Os cientistas desenvolveram um protocolo para analisar a mobilidade e a absorção de ácido acético marcado isotopicamente em uma planta modelo. Arabidopsis thalianaFornece informações valiosas sobre as respostas imunológicas das plantas. Esta pesquisa é fundamental para compreender como as plantas induzem resistência sistêmica contra patógenos. O protocolo, descrito por Suruchi Roychowdhury e pelo professor Jean Greenberg, concentra-se no estudo da sinalização de defesa do ácido azelaico, molécula que viaja dentro da planta e induz resistência sistêmica em tecidos distantes do local da infecção.
Prof. Jean Greenberg da Universidade de Chicago e Dr. da Universidade de Córdoba. Nicholas Cecchini liderou o trabalho, que foi publicado na revista STAR Protocols. Os pesquisadores desenvolveram métodos para medir o movimento do ácido azelaico das folhas para outras partes da planta e sua absorção pelos discos foliares. “Compreender a geração, movimento, captação e percepção de sinais de defesa móvel é fundamental para desvendar programas de resistência sistêmica em plantas com flores contra patógenos”, disse o professor Greenberg.

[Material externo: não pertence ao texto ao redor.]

lemma cycle_word_mat_entry:
  assumes a: "a < length w" and b: "b < length w"
  shows "cycle_word_mat w s ls $$ (a, b)
    = (\<Sum>f\<le>length ls. s ^ f * cnj s ^ (length ls - f) * of_nat (walk_count w ls f a b))"
  using a
proof (induction ls arbitrary: a)
  case Nil
  then show ?case using b by (simp add: cycle_word_mat_Nil)
next
  case (Cons l ls)
  let ?k = "length w" and ?m = "length ls"
  let ?succ = "cyc_index ?k (int a + 1)" and ?pred = "cyc_index ?k (int a - 1)"
  let ?E = "\<lambda>c. \<Sum>f\<le>?m. s ^ f * cnj s ^ (?m - f) * of_nat (walk_count w ls f c b)"
  let ?back = "\<lambda>f. of_nat (if w ! ?pred = letter_transp l then walk_count w ls f ?pred b else 0)
    :: complex"
  let ?fwd = "\<lambda>f. of_nat (if w ! a = l then walk_count w ls f ?succ b else 0) :: complex"
  have k: "0 < ?k" using b by linarith
  have "cycle_word_mat w s (l # ls) $$ (a, b)
      = (\<Sum>c = 0..<?k. cycle_letter_mat w s l $$ (a, c) * cycle_word_mat w s ls $$ (c, b))"
    using Cons.prems b
    by (simp add: cycle_word_mat_Cons scalar_prod_def carrier_matD[OF cycle_letter_mat_carrier]
        carrier_matD[OF cycle_word_mat_carrier])
  also have "\<dots> = (\<Sum>c = 0..<?k. cycle_letter_mat w s l $$ (a, c) * ?E c)"
    by (intro sum.cong refl) (simp add: Cons.IH)
  also have "\<dots> = (if w ! a = l then s * ?E ?succ else 0) +
      (if w ! ?pred = letter_transp l then cnj s * ?E ?pred else 0)"
    by (rule cycle_letter_mat_row_sum[OF Cons.prems])
  also have "\<dots> = s * (\<Sum>f\<le>?m. s ^ f * cnj s ^ (?m - f) * ?fwd f)
      + cnj s * (\<Sum>f\<le>?m. s ^ f * cnj s ^ (?m - f) * ?back f)"
    by simp
  also have "\<dots> = (\<Sum>f\<le>Suc ?m. s ^ f * cnj s ^ (Suc ?m - f)
      * (?back f + (if 0 < f then ?fwd (f - 1) else 0)))"
  proof -
    have "(\<Sum>f\<le>Suc ?m. s ^ f * cnj s ^ (Suc ?m - f) * ?back f)
        = cnj s * (\<Sum>f\<le>?m. s ^ f * cnj s ^ (?m - f) * ?back f)"
      using sum_weights_Suc_left[of s "cnj s" ?m ?back] by (simp add: walk_count_eq_0)
    moreover have "(\<Sum>f\<le>Suc ?m. s ^ f * cnj s ^ (Suc ?m - f) * (if 0 < f then ?fwd (f - 1) else 0))
        = s * (\<Sum>f\<le>?m. s ^ f * cnj s ^ (?m - f) * ?fwd f)"
      by (rule sum_weights_Suc_right)
    ultimately show ?thesis by (simp add: distrib_left sum.distrib)
  qed
  also have "\<dots> = (\<Sum>f\<le>length (l # ls). s ^ f * cnj s ^ (length (l # ls) - f)
      * of_nat (walk_count w (l # ls) f a b))"
    by (intro sum.cong refl) auto
  finally show ?case .
qed
lemma meet_proj:
  assumes "cross3 u v \<noteq> (0,0,0)"
  shows "Defs.meet (proj u) (proj v) = proj (cross3 u v)"
  unfolding Defs.meet_def
proof (rule the_equality)
  show "is_pt (proj (cross3 u v)) \<and> inc (proj (cross3 u v)) (proj u) \<and>
      inc (proj (cross3 u v)) (proj v)"
    using assms
    by (simp add: is_pt_proj inc_proj_iff dot3_commute dot3_cross3_left dot3_cross3_right)
next
  fix Q assume Q: "is_pt Q \<and> inc Q (proj u) \<and> inc Q (proj v)"
  then obtain w where w: "w \<noteq> (0,0,0)" "Q = proj w" unfolding is_pt_def by blast
  with Q have "cross3 w (cross3 u v) = (0,0,0)"
    by (auto simp: inc_proj_iff intro: cross3_cross3_eq_0)
  then show "Q = proj (cross3 u v)" using w assms proj_eq_iff_cross3 by blast
qed

lemma join_proj: "cross3 u v \<noteq> (0,0,0) \<Longrightarrow> Defs.join (proj u) (proj v) = proj (cross3 u v)"
  by (simp add: join_eq_meet meet_proj)

lemma collinear3_proj_iff:
  assumes "cross3 u v \<noteq> (0,0,0)"
  shows "collinear3 (proj u) (proj v) (proj w) \<longleftrightarrow> det3 u v w = 0"
proof
  assume "collinear3 (proj u) (proj v) (proj w)"
  then obtain n where "n \<noteq> (0,0,0)" "inc (proj u) (proj n)" "inc (proj v) (proj n)"
    "inc (proj w) (proj n)"
    unfolding collinear3_def is_ln_def by blast
  then have n: "n \<noteq> (0,0,0)" "dot3 n u = 0" "dot3 n v = 0" "dot3 n w = 0"
    by (simp_all add: inc_proj_iff dot3_commute)
  then obtain c where "cross3 u v = smul3 c n"
    using cross3_eq_0_imp_smul3 cross3_cross3_eq_0 by blast
  with n(4) show "det3 u v w = 0"
    by (simp add: det3_def dot3_smul3_right dot3_commute)
next
  assume "det3 u v w = 0"
  with assms show "collinear3 (proj u) (proj v) (proj w)"
    unfolding collinear3_def
    by (intro exI[of _ "proj (cross3 u v)"])
      (simp add: is_ln_eq_is_pt is_pt_proj inc_proj_iff dot3_commute dot3_cross3_left
        dot3_cross3_right det3_def)
qed

lemma join_Tpt_proj:
  assumes "(a, b) \<noteq> (0, 0)"
  shows "Defs.join Tpt (proj (a, b, c)) = proj (-b, a, 0)"
proof -
  have cross: "cross3 (0, 0, 1) (a, b, c) = (-b, a, 0)" by (simp add: cross3_def)
  with assms have "cross3 (0, 0, 1) (a, b, c) \<noteq> (0, 0, 0)" by auto
  then show ?thesis unfolding Tpt_def cross[symmetric] by (rule join_proj)
qed

lemma meet_mT_proj:
  assumes "(a, b) \<noteq> (0, 0)"
  shows "Defs.meet (proj (a, b, c)) mT = proj (b, -a, 0)"
proof -
  have cross: "cross3 (a, b, c) (0, 0, 1) = (b, -a, 0)" by (simp add: cross3_def)
  with assms have "cross3 (a, b, c) (0, 0, 1) \<noteq> (0, 0, 0)" by auto
  then show ?thesis unfolding mT_def cross[symmetric] by (rule meet_proj)
qed

section \<open>Finite fields\<close>

lemma card_eq_card_image_mult:
  assumes "finite A" "\<And>y. y \<in> f ` A \<Longrightarrow> card {x\<in>A. f x = y} = m"
  shows "card A = card (f ` A) * m"
proof -
  have "card A = card (\<Union>y\<in>f ` A. {x\<in>A. f x = y})"
    by (rule arg_cong[where f = card]) auto
  also have "\<dots> = (\<Sum>y\<in>f ` A. card {x\<in>A. f x = y})"
    by (rule card_UN_disjoint) (use assms(1) in auto)
  finally show ?thesis using assms(2) by simp
qed

lemma prime_CHAR_finite_field: "prime CHAR('a::{field,finite})"
  using prime_CHAR_semidom finite_imp_CHAR_pos[where ?'a = 'a] by simp

lemma power_card_UNIV_eq_self:
  fixes x :: "'a::{field,finite}"
  shows "x ^ card (UNIV :: 'a set) = x"
proof -
  obtain n where n: "card (UNIV :: 'a set) = Suc n"
    using finite_UNIV_card_ge_0[where ?'a = 'a] gr0_conv_Suc by auto
  define G :: "'a monoid" where "G = \<lparr>carrier = UNIV - {0 :: 'a}, monoid.mult = (*), one = 1\<rparr>"
  have "group G"
    unfolding G_def by (rule groupI) (auto simp: mult.assoc intro!: bexI[of _ "inverse x" for x])
  then interpret G: group G .
  have pow: "y [^]\<^bsub>G\<^esub> k = y ^ k" for y :: 'a and k :: nat
    by (induction k) (simp_all add: G_def)
  have "Coset.order G = n"
    using n by (simp add: Coset.order_def G_def card_Diff_singleton)
  then have "x ^ n = 1" if "x \<noteq> 0"
    using G.pow_order_eq_1[of x] that by (simp add: pow) (simp add: G_def)
  then show ?thesis by (cases "x = 0") (simp_all add: n)
qed

context
  fixes q :: nat
  assumes prime_power: "\<exists>p k. prime p \<and> 0 < k \<and> q = p ^ k"
    and card_field: "card (UNIV :: 'a::{field,finite} set) = q ^ 3"
begin

lemma q_eq_CHAR_power: "\<exists>k > 0. q = CHAR('a) ^ k"
proof -
  obtain p k where pk: "prime p" "0 < k" "q = p ^ k" using prime_power by blast
  have "CHAR('a) dvd p ^ (k * 3)"
    using CHAR_dvd_CARD[where ?'a = 'a] card_field pk(3) by (simp add: power_mult)
  then have "CHAR('a) = p"
    using pk(1) prime_CHAR_finite_field prime_dvd_power primes_dvd_imp_eq by blast
  with pk show ?thesis by blast
qed

lemma q_ge_2: "q \<ge> 2"
proof -
  obtain p k where "prime p" "0 < k" "q = p ^ k" using prime_power by blast
  then show ?thesis
    using prime_ge_2_nat[of p] power_increasing[of 1 k p] by simp
qed

lemma zero_power_q [simp]: "(0 :: 'a) ^ q = 0" "(0 :: 'a) ^ q\<^sup>2 = 0"
  using q_ge_2 by simp_all

lemma frobenius_add: "((x :: 'a) + y) ^ q = x ^ q + y ^ q"
  using q_eq_CHAR_power freshmans_dream'[OF prime_CHAR_finite_field] by blast

lemma power_q_cube: "(x :: 'a) ^ q ^ 3 = x"
  using power_card_UNIV_eq_self[of x] card_field by simp

lemma frobenius_minus: "(- (x :: 'a)) ^ q = - (x ^ q)"
  using frobenius_add[of "-x" x] by (simp add: eq_neg_iff_add_eq_0)

lemma frobenius_diff: "((x :: 'a) - y) ^ q = x ^ q - y ^ q"
  using frobenius_add[of x "-y"] frobenius_minus[of y] by simp

lemma power_q_q: "((x :: 'a) ^ q) ^ q = x ^ q\<^sup>2"
  by (simp add: power_mult[symmetric] power2_eq_square)

lemma power_q2_q: "((x :: 'a) ^ q\<^sup>2) ^ q = x"
  using power_q_cube[of x] by (simp add: power_mult[symmetric] power3_eq_cube power2_eq_square)

lemma power_q_q2: "((x :: 'a) ^ q) ^ q\<^sup>2 = x"
  using power_q_cube[of x]
  by (simp add: power_mult[symmetric] power3_eq_cube power2_eq_square mult.commute)

lemma power_q2_q2: "((x :: 'a) ^ q\<^sup>2) ^ q\<^sup>2 = x ^ q"
  by (metis power_q2_q power_q_q power_q_q2)

lemma frobenius2_add: "((x :: 'a) + y) ^ q\<^sup>2 = x ^ q\<^sup>2 + y ^ q\<^sup>2"
  by (simp add: power_q_q[symmetric] frobenius_add)

lemma frobenius2_minus: "(- (x :: 'a)) ^ q\<^sup>2 = - (x ^ q\<^sup>2)"
  by (simp add: power_q_q[symmetric] frobenius_minus)

lemma frobenius2_diff: "((x :: 'a) - y) ^ q\<^sup>2 = x ^ q\<^sup>2 - y ^ q\<^sup>2"
  by (simp add: power_q_q[symmetric] frobenius_diff)

lemmas frobenius_simps = frobenius_add frobenius_minus frobenius_diff frobenius2_add
  frobenius2_minus frobenius2_diff power_q_q power_q2_q power_q_q2 power_q2_q2 power_mult_distrib

lemma two_eq_zero_iff_even: "(2 :: 'a) = 0 \<longleftrightarrow> even q"
proof -
  obtain k where k: "k > 0" "q = CHAR('a) ^ k" using q_eq_CHAR_power by blast
  note p = prime_CHAR_finite_field[where ?'a = 'a]
  have "(2 :: 'a) = 0 \<longleftrightarrow> CHAR('a) dvd 2"
    using of_nat_eq_0_iff_char_dvd[of 2, where ?'a = 'a] by simp
  also have "\<dots> \<longleftrightarrow> CHAR('a) = 2"
    using primes_dvd_imp_eq[OF p two_is_prime_nat] by auto
  also have "\<dots> \<longleftrightarrow> even q"
    using k p prime_dvd_power[OF two_is_prime_nat, of "CHAR('a)" k]
      primes_dvd_imp_eq[OF two_is_prime_nat p] by auto
  finally show ?thesis .
qed

lemma minus_one_eq_one_iff_even: "(-1 :: 'a) = 1 \<longleftrightarrow> even q"
proof -
  have "(-1 :: 'a) = 1 \<longleftrightarrow> 1 + 1 = (0 :: 'a)"
    by (subst eq_commute) (rule eq_neg_iff_add_eq_0)
  then show ?thesis
    unfolding one_add_one two_eq_zero_iff_even .
qed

A equipe usou ácido azelaico radiomarcado, uma versão do ácido azelaico marcada com carbono-14, para rastrear seu movimento dentro da planta. O composto foi aplicado a uma folha e os investigadores acompanharam o seu percurso até aos tecidos aéreos e radiculares, fornecendo informações importantes sobre como as plantas mobilizam os seus sinais de defesa. Um resultado significativo, o movimento do ácido zelaico da folha tratada para tecidos distantes, fornece informações sobre como a planta coordena a resposta imune em diferentes órgãos. Além disso, uma experiência de controlo utilizando sacarose radiomarcada ajudou a distinguir o movimento específico do ácido azelaico dos problemas gerais de transporte no sistema flomático da planta.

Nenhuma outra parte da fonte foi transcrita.